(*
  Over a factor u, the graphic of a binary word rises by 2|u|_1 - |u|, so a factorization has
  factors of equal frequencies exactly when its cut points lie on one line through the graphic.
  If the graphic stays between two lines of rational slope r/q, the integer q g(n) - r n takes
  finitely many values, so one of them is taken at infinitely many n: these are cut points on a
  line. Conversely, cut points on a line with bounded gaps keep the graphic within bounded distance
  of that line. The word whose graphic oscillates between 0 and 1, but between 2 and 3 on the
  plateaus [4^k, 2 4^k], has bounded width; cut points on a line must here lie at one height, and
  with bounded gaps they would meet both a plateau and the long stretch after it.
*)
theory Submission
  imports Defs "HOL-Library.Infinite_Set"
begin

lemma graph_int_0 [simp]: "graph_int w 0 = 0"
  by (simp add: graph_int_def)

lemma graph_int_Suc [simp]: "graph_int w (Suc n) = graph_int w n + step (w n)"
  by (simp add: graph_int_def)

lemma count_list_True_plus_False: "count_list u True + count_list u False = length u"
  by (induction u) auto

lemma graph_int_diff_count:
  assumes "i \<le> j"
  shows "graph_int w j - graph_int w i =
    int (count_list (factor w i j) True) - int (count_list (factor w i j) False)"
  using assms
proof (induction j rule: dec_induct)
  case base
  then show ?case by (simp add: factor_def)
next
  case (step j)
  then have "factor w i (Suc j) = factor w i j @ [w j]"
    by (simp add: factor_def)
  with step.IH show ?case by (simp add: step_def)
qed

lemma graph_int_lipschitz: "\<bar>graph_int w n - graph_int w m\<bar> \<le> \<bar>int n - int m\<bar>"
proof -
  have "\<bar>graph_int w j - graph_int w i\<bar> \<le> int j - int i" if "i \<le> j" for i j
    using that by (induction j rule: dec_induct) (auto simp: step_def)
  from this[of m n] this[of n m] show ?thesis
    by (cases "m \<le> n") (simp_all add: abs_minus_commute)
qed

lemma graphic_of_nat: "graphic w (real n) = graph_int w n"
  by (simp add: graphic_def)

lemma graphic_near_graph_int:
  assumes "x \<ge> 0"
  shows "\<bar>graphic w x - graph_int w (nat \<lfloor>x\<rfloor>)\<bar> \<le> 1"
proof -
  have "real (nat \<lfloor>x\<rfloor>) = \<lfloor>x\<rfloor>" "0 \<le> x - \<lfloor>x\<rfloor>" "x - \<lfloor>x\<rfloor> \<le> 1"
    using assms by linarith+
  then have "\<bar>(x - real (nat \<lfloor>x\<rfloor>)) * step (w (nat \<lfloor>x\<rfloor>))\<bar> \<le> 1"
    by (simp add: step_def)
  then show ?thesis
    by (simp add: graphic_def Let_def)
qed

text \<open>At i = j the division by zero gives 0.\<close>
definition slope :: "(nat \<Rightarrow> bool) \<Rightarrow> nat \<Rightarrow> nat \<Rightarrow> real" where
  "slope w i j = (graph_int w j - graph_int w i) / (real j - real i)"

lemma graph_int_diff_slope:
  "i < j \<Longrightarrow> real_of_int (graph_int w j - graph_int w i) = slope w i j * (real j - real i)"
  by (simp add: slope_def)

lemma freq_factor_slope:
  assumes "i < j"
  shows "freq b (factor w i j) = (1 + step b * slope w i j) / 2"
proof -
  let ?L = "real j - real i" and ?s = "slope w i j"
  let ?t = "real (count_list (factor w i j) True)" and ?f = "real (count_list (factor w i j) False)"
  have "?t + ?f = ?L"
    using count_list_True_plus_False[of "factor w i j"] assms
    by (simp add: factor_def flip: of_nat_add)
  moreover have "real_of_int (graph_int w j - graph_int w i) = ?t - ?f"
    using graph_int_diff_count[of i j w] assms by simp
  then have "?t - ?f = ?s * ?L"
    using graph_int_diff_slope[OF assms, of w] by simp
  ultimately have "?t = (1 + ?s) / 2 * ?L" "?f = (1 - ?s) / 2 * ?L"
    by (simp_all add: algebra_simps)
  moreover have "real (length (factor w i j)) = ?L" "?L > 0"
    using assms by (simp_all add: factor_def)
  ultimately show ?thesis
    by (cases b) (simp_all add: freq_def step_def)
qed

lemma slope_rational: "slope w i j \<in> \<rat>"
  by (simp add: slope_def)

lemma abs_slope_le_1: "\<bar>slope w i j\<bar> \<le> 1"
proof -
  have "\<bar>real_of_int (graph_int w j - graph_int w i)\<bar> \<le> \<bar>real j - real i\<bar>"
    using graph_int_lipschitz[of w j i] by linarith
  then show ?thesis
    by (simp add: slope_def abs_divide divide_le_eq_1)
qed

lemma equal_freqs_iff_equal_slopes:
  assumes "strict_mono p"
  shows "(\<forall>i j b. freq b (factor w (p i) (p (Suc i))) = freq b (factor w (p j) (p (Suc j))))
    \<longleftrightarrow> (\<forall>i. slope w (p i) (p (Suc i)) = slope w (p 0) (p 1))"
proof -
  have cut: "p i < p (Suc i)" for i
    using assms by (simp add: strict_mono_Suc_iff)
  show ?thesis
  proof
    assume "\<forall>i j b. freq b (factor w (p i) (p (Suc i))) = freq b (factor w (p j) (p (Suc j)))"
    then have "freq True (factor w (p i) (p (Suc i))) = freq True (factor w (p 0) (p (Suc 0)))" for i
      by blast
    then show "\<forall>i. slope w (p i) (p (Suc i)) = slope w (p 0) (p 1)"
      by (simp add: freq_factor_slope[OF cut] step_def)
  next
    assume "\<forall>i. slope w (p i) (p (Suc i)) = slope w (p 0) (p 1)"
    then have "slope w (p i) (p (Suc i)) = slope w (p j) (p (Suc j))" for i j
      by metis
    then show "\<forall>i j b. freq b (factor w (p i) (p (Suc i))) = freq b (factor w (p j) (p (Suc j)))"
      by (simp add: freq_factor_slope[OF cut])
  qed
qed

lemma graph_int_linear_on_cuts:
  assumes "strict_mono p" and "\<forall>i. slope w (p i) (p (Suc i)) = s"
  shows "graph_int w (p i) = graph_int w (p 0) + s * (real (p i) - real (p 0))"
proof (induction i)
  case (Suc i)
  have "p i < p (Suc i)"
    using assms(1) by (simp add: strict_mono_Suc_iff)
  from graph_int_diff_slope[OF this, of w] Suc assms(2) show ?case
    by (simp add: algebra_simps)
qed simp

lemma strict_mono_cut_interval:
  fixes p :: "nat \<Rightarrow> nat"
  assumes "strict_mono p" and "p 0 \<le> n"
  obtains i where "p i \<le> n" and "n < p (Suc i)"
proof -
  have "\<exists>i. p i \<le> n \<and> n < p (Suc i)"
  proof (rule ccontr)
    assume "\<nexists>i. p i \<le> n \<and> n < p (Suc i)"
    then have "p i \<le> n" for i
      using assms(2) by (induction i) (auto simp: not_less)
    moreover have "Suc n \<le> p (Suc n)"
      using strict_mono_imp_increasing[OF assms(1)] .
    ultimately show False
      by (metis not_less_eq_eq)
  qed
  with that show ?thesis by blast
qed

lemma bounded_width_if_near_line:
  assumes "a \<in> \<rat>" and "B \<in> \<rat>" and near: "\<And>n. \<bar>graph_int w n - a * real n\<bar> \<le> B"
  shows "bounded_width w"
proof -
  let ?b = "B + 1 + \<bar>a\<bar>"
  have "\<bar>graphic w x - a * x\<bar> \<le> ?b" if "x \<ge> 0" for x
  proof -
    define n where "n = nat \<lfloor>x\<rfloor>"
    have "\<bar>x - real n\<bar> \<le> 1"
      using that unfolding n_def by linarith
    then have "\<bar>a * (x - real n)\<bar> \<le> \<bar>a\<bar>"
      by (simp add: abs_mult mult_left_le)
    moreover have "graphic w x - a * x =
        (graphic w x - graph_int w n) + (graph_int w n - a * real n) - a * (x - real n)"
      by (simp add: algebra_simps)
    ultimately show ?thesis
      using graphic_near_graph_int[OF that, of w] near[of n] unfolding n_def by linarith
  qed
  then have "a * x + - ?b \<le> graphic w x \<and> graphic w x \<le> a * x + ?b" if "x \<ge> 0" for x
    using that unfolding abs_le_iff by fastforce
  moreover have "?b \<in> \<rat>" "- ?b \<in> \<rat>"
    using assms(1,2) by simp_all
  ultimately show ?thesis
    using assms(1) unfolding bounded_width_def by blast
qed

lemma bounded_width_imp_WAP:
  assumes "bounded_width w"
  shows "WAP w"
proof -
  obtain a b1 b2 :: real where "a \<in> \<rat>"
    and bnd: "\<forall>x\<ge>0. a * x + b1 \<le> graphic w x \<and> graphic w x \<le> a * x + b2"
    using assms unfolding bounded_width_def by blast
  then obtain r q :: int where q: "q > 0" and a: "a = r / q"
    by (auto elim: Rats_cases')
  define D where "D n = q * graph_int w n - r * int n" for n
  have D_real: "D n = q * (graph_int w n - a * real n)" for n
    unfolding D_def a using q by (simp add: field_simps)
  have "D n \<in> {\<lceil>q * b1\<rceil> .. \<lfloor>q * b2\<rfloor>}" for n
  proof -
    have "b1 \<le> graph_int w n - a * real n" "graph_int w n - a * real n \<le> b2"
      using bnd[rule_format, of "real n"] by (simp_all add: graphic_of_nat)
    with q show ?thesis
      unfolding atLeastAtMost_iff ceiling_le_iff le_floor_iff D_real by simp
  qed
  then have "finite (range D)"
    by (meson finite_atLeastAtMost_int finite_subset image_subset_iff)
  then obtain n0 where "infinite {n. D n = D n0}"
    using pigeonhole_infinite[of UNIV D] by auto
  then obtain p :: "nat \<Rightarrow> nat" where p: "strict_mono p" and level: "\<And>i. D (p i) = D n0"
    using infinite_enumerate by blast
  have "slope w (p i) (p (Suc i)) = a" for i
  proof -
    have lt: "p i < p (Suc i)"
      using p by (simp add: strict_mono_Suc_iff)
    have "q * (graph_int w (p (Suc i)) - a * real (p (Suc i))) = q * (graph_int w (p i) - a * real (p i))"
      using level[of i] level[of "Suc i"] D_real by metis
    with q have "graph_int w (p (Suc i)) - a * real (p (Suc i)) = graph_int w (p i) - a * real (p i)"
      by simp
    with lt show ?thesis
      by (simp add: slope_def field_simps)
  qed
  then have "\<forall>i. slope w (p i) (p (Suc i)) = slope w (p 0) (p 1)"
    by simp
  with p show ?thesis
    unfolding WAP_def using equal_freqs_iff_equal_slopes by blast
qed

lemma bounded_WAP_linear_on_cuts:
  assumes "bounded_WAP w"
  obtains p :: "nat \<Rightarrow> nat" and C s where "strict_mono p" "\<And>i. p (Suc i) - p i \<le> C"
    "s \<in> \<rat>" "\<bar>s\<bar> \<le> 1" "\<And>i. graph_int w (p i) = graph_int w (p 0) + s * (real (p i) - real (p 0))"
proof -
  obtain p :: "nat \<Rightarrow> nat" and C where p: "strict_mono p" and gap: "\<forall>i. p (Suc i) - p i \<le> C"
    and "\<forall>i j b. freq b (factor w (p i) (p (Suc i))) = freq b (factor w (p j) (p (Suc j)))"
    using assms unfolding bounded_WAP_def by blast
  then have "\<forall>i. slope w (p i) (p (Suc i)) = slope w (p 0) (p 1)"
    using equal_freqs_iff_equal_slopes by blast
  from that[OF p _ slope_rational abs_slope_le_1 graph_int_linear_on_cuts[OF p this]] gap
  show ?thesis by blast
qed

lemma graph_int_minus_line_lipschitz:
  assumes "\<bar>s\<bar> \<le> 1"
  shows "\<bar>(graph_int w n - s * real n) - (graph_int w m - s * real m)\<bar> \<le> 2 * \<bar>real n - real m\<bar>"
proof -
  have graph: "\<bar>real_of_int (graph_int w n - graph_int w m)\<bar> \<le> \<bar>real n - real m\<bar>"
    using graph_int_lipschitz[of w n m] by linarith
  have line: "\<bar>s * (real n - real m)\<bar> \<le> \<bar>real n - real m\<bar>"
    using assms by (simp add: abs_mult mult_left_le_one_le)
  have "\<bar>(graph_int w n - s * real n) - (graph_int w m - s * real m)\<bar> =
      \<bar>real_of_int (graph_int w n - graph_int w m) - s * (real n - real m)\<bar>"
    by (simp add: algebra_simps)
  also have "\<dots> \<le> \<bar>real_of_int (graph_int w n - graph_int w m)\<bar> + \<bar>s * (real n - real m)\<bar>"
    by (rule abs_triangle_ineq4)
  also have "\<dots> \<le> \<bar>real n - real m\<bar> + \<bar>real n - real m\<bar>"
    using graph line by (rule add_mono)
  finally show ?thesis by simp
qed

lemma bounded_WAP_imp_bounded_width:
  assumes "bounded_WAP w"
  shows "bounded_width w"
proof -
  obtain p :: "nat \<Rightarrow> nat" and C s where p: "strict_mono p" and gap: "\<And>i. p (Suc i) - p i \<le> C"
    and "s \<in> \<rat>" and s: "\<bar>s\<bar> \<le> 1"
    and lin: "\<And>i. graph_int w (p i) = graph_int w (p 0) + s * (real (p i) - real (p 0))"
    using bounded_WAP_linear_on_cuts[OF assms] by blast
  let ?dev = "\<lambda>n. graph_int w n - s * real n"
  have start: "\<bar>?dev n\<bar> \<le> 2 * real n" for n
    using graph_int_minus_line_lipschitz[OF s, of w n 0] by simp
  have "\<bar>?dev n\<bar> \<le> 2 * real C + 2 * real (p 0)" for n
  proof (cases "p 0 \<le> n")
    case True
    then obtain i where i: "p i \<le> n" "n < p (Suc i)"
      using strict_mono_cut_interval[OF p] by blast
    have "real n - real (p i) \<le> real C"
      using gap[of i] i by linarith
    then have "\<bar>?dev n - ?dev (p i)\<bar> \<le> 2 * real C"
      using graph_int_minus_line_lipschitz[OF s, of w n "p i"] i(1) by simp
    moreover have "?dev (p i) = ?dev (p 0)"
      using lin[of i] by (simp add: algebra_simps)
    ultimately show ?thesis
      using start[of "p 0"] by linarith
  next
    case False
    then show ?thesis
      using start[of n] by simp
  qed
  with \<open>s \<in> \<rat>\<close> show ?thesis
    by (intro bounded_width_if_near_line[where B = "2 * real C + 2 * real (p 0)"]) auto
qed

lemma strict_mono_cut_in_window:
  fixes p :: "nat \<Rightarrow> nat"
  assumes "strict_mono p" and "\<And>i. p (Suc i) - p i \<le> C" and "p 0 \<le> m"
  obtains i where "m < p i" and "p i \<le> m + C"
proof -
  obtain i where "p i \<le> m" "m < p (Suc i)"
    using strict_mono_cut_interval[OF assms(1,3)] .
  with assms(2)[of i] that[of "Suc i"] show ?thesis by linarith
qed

___

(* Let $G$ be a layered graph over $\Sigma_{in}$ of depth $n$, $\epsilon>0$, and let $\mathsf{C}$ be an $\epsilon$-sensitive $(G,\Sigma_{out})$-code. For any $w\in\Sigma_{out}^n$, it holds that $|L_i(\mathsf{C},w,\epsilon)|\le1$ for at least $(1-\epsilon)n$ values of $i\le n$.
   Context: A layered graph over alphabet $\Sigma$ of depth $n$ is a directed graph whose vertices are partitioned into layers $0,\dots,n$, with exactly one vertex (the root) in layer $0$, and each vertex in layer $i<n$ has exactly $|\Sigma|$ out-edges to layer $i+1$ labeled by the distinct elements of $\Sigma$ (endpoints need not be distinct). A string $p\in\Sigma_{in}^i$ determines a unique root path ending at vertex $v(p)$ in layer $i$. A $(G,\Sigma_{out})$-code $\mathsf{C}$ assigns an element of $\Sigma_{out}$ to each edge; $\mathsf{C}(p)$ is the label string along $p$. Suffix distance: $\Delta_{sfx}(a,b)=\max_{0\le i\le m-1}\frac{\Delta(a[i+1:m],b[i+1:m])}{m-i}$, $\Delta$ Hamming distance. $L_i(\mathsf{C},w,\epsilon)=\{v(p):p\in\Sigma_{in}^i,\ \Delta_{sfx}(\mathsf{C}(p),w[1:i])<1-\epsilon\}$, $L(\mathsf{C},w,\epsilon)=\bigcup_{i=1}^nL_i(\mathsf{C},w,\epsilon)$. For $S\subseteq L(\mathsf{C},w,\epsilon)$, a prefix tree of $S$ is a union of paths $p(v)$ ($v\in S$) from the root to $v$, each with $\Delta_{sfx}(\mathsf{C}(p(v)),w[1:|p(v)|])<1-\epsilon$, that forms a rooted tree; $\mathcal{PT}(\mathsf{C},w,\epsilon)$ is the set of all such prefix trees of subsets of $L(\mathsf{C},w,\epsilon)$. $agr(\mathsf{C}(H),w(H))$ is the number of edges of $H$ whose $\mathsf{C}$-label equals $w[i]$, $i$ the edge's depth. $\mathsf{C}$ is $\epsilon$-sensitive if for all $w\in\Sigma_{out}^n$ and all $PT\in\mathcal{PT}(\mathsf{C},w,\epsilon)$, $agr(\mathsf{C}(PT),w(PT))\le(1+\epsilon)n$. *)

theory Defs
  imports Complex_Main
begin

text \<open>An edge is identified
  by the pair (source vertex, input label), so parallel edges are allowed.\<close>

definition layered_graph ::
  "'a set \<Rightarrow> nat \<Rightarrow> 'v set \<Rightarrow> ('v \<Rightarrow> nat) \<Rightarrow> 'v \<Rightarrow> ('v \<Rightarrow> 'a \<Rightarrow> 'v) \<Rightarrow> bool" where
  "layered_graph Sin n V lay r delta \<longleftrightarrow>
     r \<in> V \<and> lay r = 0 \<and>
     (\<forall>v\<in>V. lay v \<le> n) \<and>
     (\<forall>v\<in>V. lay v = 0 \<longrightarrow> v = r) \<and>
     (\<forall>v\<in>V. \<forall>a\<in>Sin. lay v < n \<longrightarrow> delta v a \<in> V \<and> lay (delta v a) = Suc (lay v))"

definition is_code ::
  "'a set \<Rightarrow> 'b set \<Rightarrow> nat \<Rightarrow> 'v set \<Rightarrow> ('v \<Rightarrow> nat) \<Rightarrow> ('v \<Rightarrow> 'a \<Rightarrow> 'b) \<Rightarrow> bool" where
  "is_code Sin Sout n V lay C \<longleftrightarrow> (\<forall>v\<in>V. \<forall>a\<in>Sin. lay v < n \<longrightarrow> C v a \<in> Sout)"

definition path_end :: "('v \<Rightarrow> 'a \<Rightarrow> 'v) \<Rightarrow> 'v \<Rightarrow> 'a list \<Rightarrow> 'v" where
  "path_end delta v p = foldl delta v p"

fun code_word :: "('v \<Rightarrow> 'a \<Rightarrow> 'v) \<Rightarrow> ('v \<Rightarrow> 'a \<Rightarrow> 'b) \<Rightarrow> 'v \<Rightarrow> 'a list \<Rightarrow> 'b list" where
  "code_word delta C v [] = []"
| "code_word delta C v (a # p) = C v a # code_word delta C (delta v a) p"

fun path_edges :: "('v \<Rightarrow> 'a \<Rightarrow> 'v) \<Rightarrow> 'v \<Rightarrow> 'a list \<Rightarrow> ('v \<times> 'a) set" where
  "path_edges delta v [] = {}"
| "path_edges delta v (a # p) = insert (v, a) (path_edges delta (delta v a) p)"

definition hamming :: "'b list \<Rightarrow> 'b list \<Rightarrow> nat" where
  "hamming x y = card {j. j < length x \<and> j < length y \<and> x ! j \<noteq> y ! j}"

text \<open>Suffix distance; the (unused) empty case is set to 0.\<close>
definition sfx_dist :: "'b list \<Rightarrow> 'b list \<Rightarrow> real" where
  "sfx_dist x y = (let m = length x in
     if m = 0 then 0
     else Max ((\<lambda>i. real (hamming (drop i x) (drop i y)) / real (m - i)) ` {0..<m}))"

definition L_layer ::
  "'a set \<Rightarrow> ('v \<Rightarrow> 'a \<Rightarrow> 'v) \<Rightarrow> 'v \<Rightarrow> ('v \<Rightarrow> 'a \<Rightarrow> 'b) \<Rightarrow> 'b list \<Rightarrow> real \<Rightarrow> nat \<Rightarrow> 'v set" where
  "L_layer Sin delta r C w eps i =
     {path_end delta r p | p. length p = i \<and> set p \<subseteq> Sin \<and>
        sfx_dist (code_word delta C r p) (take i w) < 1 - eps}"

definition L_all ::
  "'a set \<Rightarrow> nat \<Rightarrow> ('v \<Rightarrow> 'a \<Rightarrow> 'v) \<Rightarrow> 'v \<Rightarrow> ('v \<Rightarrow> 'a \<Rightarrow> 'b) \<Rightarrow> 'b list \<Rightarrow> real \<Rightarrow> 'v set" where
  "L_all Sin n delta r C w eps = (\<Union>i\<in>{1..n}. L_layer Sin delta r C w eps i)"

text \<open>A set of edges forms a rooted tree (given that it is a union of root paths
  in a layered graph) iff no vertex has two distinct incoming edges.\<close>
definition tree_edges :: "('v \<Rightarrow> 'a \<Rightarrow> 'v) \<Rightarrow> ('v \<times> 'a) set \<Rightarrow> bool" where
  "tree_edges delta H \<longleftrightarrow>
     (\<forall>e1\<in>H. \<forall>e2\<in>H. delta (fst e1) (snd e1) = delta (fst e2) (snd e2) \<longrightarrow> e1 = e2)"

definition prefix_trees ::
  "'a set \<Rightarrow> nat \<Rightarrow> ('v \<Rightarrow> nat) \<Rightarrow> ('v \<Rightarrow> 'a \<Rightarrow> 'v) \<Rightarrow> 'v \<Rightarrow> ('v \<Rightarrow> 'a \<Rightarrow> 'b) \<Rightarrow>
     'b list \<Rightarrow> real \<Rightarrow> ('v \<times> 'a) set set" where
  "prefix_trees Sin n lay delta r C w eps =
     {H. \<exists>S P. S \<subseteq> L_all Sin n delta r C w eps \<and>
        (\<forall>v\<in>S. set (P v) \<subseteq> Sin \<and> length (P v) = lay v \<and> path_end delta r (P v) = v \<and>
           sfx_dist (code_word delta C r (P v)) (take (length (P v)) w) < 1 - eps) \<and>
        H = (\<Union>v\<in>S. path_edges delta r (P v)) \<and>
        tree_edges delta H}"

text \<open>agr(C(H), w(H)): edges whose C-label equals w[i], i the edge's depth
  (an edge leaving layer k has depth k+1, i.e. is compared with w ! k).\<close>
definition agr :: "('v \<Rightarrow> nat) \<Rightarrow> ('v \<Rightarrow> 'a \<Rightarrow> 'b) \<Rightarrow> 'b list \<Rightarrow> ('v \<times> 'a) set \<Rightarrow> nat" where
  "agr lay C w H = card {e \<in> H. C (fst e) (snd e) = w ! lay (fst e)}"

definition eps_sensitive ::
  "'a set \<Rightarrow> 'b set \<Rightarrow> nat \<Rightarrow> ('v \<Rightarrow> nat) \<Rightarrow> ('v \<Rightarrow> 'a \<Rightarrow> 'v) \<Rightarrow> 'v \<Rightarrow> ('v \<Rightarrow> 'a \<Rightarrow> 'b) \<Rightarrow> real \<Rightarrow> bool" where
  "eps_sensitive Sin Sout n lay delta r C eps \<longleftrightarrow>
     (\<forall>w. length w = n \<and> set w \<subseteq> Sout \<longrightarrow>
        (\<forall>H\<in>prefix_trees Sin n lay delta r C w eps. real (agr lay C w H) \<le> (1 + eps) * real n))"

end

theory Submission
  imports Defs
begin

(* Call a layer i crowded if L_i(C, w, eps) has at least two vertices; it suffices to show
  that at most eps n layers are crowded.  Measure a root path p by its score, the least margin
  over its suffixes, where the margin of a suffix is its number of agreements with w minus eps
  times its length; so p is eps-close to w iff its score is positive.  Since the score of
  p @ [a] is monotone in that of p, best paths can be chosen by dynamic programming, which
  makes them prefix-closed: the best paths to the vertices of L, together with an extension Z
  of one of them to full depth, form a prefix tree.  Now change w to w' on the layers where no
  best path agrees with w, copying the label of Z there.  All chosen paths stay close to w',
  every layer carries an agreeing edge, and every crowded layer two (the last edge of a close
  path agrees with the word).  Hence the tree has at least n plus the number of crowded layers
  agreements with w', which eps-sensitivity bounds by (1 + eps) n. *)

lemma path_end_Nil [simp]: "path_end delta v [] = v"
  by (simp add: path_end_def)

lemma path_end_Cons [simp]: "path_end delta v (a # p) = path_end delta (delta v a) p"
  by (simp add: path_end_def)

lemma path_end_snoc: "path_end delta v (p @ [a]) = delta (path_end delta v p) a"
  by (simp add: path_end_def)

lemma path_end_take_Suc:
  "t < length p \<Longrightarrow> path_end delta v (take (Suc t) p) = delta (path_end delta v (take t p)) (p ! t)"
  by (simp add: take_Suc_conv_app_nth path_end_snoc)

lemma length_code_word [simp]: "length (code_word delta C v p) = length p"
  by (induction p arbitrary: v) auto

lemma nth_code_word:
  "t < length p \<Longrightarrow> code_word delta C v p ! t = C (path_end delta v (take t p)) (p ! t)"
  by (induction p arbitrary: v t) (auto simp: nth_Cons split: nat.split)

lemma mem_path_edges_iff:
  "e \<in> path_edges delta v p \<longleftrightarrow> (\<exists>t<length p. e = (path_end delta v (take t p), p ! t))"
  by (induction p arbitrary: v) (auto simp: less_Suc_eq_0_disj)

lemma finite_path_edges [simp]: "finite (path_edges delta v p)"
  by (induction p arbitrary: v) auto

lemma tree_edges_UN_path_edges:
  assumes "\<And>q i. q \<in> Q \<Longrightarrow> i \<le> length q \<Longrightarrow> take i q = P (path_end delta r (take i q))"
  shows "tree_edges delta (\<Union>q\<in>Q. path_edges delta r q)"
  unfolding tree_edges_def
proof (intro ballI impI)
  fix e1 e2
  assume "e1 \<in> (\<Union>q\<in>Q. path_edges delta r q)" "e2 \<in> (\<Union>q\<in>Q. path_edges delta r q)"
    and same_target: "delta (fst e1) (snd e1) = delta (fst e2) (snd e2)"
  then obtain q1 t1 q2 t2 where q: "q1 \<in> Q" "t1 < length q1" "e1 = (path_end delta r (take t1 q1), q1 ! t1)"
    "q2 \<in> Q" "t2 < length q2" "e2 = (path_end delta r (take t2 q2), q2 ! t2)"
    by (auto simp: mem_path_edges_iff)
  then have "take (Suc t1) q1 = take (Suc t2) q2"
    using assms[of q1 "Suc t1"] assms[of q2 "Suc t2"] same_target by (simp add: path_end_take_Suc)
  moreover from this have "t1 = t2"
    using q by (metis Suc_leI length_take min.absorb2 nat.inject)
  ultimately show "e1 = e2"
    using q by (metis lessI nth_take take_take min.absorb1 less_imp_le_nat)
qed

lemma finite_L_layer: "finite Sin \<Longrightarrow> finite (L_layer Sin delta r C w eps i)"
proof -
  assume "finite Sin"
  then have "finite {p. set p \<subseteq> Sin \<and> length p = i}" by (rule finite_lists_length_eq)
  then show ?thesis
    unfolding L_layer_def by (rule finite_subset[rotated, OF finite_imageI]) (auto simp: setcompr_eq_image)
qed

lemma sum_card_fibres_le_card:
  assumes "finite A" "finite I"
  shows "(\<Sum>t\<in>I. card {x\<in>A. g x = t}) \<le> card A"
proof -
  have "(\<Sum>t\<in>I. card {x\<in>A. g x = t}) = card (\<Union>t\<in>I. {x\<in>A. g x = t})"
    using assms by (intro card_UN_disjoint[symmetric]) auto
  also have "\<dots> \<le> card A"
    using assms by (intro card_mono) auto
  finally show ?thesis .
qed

___

In the data above, copy every line where the string "obtains" appears.

  obtains i where "p i \<le> n" and "n < p (Suc i)"
  obtains p :: "nat \<Rightarrow> nat" and C s where "strict_mono p" "\<And>i. p (Suc i) - p i \<le> C"
  obtains i where "m < p i" and "p i \<le> m + C"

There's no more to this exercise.